▶ WHAT TO PRODUCE: Please give nothing except the number of lines in the records below that include the word "ultimately".

▶ MATERIAL PROVIDED:
lemma hd_in_prob_support:
  assumes "ds \<noteq> []"
  shows "m (hd ds) \<in> prob_support ds m"
proof -
  have "0 \<in> {k. k < length ds \<and> m (ds ! k) = m (hd ds)}"
    using assms by (simp add: hd_conv_nth)
  then have "card {k. k < length ds \<and> m (ds ! k) = m (hd ds)} \<noteq> 0"
    by (auto simp: card_eq_0_iff)
  then show ?thesis
    using assms by (simp add: prob_support_def prob_def)
qed

lemma lik_set_eq_powers:
  assumes "finite \<Delta>"
  shows "lik_set \<mu> \<Delta> v =
    \<mu> ^ card (satisfied \<Delta> v) * (1 - \<mu>) ^ (card \<Delta> - card (satisfied \<Delta> v))"
proof -
  have "lik_set \<mu> \<Delta> v =
      (\<Prod>\<beta>\<in>\<Delta> \<inter> {\<beta>. sat v \<beta>}. \<mu>) * (\<Prod>\<beta>\<in>\<Delta> \<inter> - {\<beta>. sat v \<beta>}. 1 - \<mu>)"
    unfolding lik_set_def lik_def by (rule prod.If_cases[OF assms])
  also have "\<Delta> \<inter> {\<beta>. sat v \<beta>} = satisfied \<Delta> v"
    by (auto simp: satisfied_def)
  also have "\<Delta> \<inter> - {\<beta>. sat v \<beta>} = \<Delta> - satisfied \<Delta> v"
    by (auto simp: satisfied_def)
  finally have "lik_set \<mu> \<Delta> v = (\<Prod>\<beta>\<in>satisfied \<Delta> v. \<mu>) * (\<Prod>\<beta>\<in>\<Delta> - satisfied \<Delta> v. 1 - \<mu>)" .
  moreover have "card (\<Delta> - satisfied \<Delta> v) = card \<Delta> - card (satisfied \<Delta> v)"
    using assms by (intro card_Diff_subset) (auto simp: satisfied_def)
  ultimately show ?thesis
    by simp
qed

lemma weighted_sat_ratio_eq_1_iff:
  fixes w :: "'a model \<Rightarrow> real"
  assumes "finite T" "T \<noteq> {}" "\<And>v. v \<in> T \<Longrightarrow> 0 < w v"
  shows "(\<Sum>v\<in>T. lik 1 \<alpha> v * w v) / (\<Sum>v\<in>T. w v) = 1 \<longleftrightarrow> (\<forall>v\<in>T. sat v \<alpha>)"
proof -
  have "0 < (\<Sum>v\<in>T. w v)"
    using assms by (intro sum_pos) auto
  then have "(\<Sum>v\<in>T. lik 1 \<alpha> v * w v) / (\<Sum>v\<in>T. w v) = 1 \<longleftrightarrow>
      (\<Sum>v\<in>T. (1 - lik 1 \<alpha> v) * w v) = 0"
    by (simp add: left_diff_distrib sum_subtractf)
  also have "\<dots> \<longleftrightarrow> (\<forall>v\<in>T. (1 - lik 1 \<alpha> v) * w v = 0)"
    using assms by (intro sum_nonneg_eq_0_iff) (auto simp: lik_def less_imp_le)
  also have "\<dots> \<longleftrightarrow> (\<forall>v\<in>T. sat v \<alpha>)"
    using assms(3) by (force simp: lik_def)
  finally show ?thesis .
qed
lemma compactin_spatial_if_ClopUp_covers:
  assumes "K \<subseteq> Y"
    and covers: "\<And>\<W>. \<W> \<subseteq> ClopUp T le \<Longrightarrow> K \<subseteq> \<Union>\<W> \<Longrightarrow>
                   \<exists>\<G>. \<G> \<subseteq> \<W> \<and> finite \<G> \<and> K \<subseteq> \<Union>\<G>"
  shows "compactin S K"
  unfolding compactin_def topspace_spatial_topology
proof (intro conjI allI impI assms(1))
  fix \<U>
  assume \<U>: "(\<forall>B\<in>\<U>. openin S B) \<and> K \<subseteq> \<Union>\<U>"
  then have "\<forall>B\<in>\<U>. \<exists>U. U \<in> ClopUp T le \<and> B = U \<inter> Y"
    unfolding openin_spatial_topology by blast
  then obtain f where f_ClopUp: "\<And>B. B \<in> \<U> \<Longrightarrow> f B \<in> ClopUp T le"
    and f_trace: "\<And>B. B \<in> \<U> \<Longrightarrow> B = f B \<inter> Y"
    by (metis bchoice)
  have "f ` \<U> \<subseteq> ClopUp T le" "K \<subseteq> \<Union>(f ` \<U>)"
    using f_ClopUp f_trace \<U> by blast+
  then obtain \<G> where \<G>: "\<G> \<subseteq> f ` \<U>" "finite \<G>" "K \<subseteq> \<Union>\<G>"
    using covers by meson
  then obtain \<G>' where \<G>': "\<G>' \<subseteq> \<U>" "finite \<G>'" "\<G> = f ` \<G>'"
    by (meson finite_subset_image)
  have "K \<subseteq> \<Union>\<G>'"
  proof
    fix k
    assume "k \<in> K"
    then obtain B where "B \<in> \<G>'" "k \<in> f B"
      using \<G>(3) \<G>'(3) by blast
    then have "k \<in> B"
      using f_trace[of B] \<G>'(1) \<open>k \<in> K\<close> assms(1) by blast
    then show "k \<in> \<Union>\<G>'"
      using \<open>B \<in> \<G>'\<close> by blast
  qed
  then show "\<exists>\<F>. finite \<F> \<and> \<F> \<subseteq> \<U> \<and> K \<subseteq> \<Union>\<F>"
    using \<G>' by blast
qed

lemma ClopSUp_subset_Union_if_spatial:
  assumes V: "V \<in> ClopSUp T le" and \<W>: "\<W> \<subseteq> ClopUp T le" "V \<inter> Y \<subseteq> \<Union>\<W>"
  shows "V \<subseteq> \<Union>\<W>"
proof
  fix v
  assume "v \<in> V"
  have VU: "V \<in> ClopUp T le"
    using V ClopSUp_subset_ClopUp by blast
  obtain m where m: "m \<in> minimal_elements le V" "le m v"
    using exists_minimal_below[OF ClopUp_closedin[OF VU] \<open>v \<in> V\<close>] by blast
  then have "m \<in> V \<inter> Y"
    using V unfolding ClopSUp_def scott_upset_def minimal_elements_def by blast
  then obtain W where "W \<in> \<W>" "m \<in> W"
    using \<W>(2) by blast
  moreover have "v \<in> topspace T"
    using \<open>v \<in> V\<close> ClopUp_subset_topspace[OF VU] by blast
  ultimately show "v \<in> \<Union>\<W>"
    using ClopUp_upward[of W T le m v] \<W>(1) m(2) by blast
qed

lemma compactin_spatial_if_ClopSUp:
  assumes V: "V \<in> ClopSUp T le"
  shows "compactin S (V \<inter> Y)"
proof (rule compactin_spatial_if_ClopUp_covers[OF Int_lower2])
  fix \<W>
  assume \<W>: "\<W> \<subseteq> ClopUp T le" "V \<inter> Y \<subseteq> \<Union>\<W>"
  then have "V \<subseteq> \<Union>\<W>"
    using ClopSUp_subset_Union_if_spatial[OF V] by blast
  moreover have "compactin T V"
    using V ClopSUp_subset_ClopUp ClopUp_closedin closedin_compact_space[OF compact] by blast
  moreover have "\<forall>W\<in>\<W>. openin T W"
    using \<W> ClopUp_openin by blast
  ultimately obtain \<G> where "finite \<G>" "\<G> \<subseteq> \<W>" "V \<subseteq> \<Union>\<G>"
    unfolding compactin_def by meson
  then show "\<exists>\<G>. \<G> \<subseteq> \<W> \<and> finite \<G> \<and> V \<inter> Y \<subseteq> \<Union>\<G>"
    by blast
qed

lemma compactly_based_if_algebraic:
  assumes "algebraic_L_space T le"
  shows "compactly_based S"
  unfolding compactly_based_def
proof (intro allI impI)
  fix W x
  assume "openin S W \<and> x \<in> W"
  then obtain U where U: "U \<in> ClopUp T le" "W = U \<inter> Y" "x \<in> U" "x \<in> Y"
    using openin_spatial_topology by blast
  then have "x \<in> T closure_of \<Union>{V \<in> ClopSUp T le. V \<subseteq> U}"
    using assms unfolding algebraic_L_space_def core_def by blast
  then obtain V where V: "V \<in> ClopSUp T le" "V \<subseteq> U" "x \<in> V"
    using spatial_in_closure_Union_ClopUp[of "{V \<in> ClopSUp T le. V \<subseteq> U}"]
      ClopSUp_subset_ClopUp \<open>x \<in> Y\<close> by blast
  have "openin S (V \<inter> Y)"
    using V(1) ClopSUp_subset_ClopUp openin_spatial_topology by blast
  moreover have "compactin S (V \<inter> Y)"
    using compactin_spatial_if_ClopSUp[OF V(1)] .
  ultimately show "\<exists>K. openin S K \<and> compactin S K \<and> x \<in> K \<and> K \<subseteq> W"
    using V U by blast
qed

end

locale sl_space = l_space +
  assumes spatial_dense: "T closure_of spatial_part T le = topspace T"

lemma sl_space_if_SL_space: "SL_space T le \<Longrightarrow> sl_space T le"
  unfolding SL_space_def sl_space_def l_space_def sl_space_axioms_def by blast

context sl_space
begin

lemma subset_closedin_if_spatial_subset:
  assumes "openin T V" "closedin T W" "V \<inter> Y \<subseteq> W"
  shows "V \<subseteq> W"
proof -
  have "V \<subseteq> T closure_of (V \<inter> Y)"
    using openin_Int_closure_of_subset[OF assms(1), of Y] spatial_dense openin_subset[OF assms(1)]
    by auto
  also have "\<dots> \<subseteq> W"
    using closure_of_minimal assms(2,3) by blast
  finally show ?thesis .
qed

lemma ClopSUp_if_compactin_spatial:
  assumes V: "V \<in> ClopUp T le" and K: "compactin S (V \<inter> Y)"
  shows "V \<in> ClopSUp T le"
proof -
  have "m \<in> Y" if m: "m \<in> minimal_elements le V" for m
  proof (rule ccontr)
    assume "m \<notin> Y"
    have mV: "m \<in> V" and m_min: "\<And>y. y \<in> V \<Longrightarrow> le y m \<Longrightarrow> y = m"
      using m unfolding minimal_elements_def by blast+
    have mT: "m \<in> topspace T"
      using mV ClopUp_subset_topspace[OF V] by blast
    define \<W> where "\<W> = {W \<in> ClopUp T le. m \<notin> W}"
    have cover: "V \<inter> Y \<subseteq> \<Union>\<W>"
    proof
      fix y
      assume y: "y \<in> V \<inter> Y"
      then have "\<not> le y m"
        using m_min \<open>m \<notin> Y\<close> by blast
      moreover have "y \<in> topspace T"
        using y spatial_part_subset_topspace by blast
      ultimately obtain W where "W \<in> ClopUp T le" "y \<in> W" "m \<notin> W"
        using ClopUp_separation[of y m] mT by blast
      then show "y \<in> \<Union>\<W>"
        unfolding \<W>_def by blast
    qed
    have "\<W> \<subseteq> ClopUp T le"
      unfolding \<W>_def by blast
    then obtain \<G> where \<G>: "\<G> \<subseteq> \<W>" "finite \<G>" "V \<inter> Y \<subseteq> \<Union>\<G>"
      using compactin_spatial_ClopUp_cover[OF K _ cover] by blast
    have "\<Union>\<G> \<in> ClopUp T le"
      using Union_ClopUp[OF \<G>(2)] \<G>(1) unfolding \<W>_def by blast
    then have "V \<subseteq> \<Union>\<G>"
      using subset_closedin_if_spatial_subset[OF ClopUp_openin[OF V] ClopUp_closedin \<G>(3)] by blast
    then show False
      using mV \<G>(1) unfolding \<W>_def by blast
  qed
  then show ?thesis
    using V unfolding ClopSUp_def ClopUp_def scott_upset_def clopen_in_def by blast
qed
(* Let $X$ be a complex Banach space such that $A_u(B_X)=A(B_X)$. If $Y$ is a Banach space isomorphic to $X$ (i.e. there is a bounded linear bijection $T:Y\to X$ with bounded inverse), then $A_u(B_Y)=A(B_Y)$.
   Context: For a complex Banach space $Z$ with open unit ball $B_Z$: $A_u(B_Z)$ is the uniform algebra (supremum norm on $B_Z$) of bounded holomorphic functions on $B_Z$ that are uniformly continuous on $B_Z$; a finite type polynomial on $Z$ is a polynomial in finitely many elements of $Z^*$ (i.e. an element of the algebra generated by $Z^*$ and the constants); $A(B_Z)$ is the set of functions on $B_Z$ that are uniform limits on $B_Z$ of finite type polynomials. Always $A(B_Z)\subset A_u(B_Z)$. *)

theory Defs
  imports "HOL-Analysis.Analysis"
begin

class complex_vector_space = real_vector +
  fixes scaleC :: "complex \<Rightarrow> 'a \<Rightarrow> 'a"
  assumes scaleC_add_right: "scaleC a (x + y) = scaleC a x + scaleC a y"
    and scaleC_add_left: "scaleC (a + b) x = scaleC a x + scaleC b x"
    and scaleC_scaleC: "scaleC a (scaleC b x) = scaleC (a * b) x"
    and scaleC_one: "scaleC 1 x = x"
    and scaleR_scaleC: "scaleR r x = scaleC (complex_of_real r) x"

class complex_normed_vector = complex_vector_space + real_normed_vector +
  assumes norm_scaleC: "norm (scaleC a x) = cmod a * norm x"

class complex_banach = complex_normed_vector + banach

definition clinear :: "('a::complex_vector_space \<Rightarrow> 'b::complex_vector_space) \<Rightarrow> bool" where
  "clinear T \<longleftrightarrow> (\<forall>x y. T (x + y) = T x + T y) \<and> (\<forall>c x. T (scaleC c x) = scaleC c (T x))"

definition cdual :: "('a::complex_normed_vector \<Rightarrow> complex) set" where
  "cdual = {\<phi>. bounded_linear \<phi> \<and> (\<forall>c x. \<phi> (scaleC c x) = c * \<phi> x)}"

▶ RESPONSE AREA: 5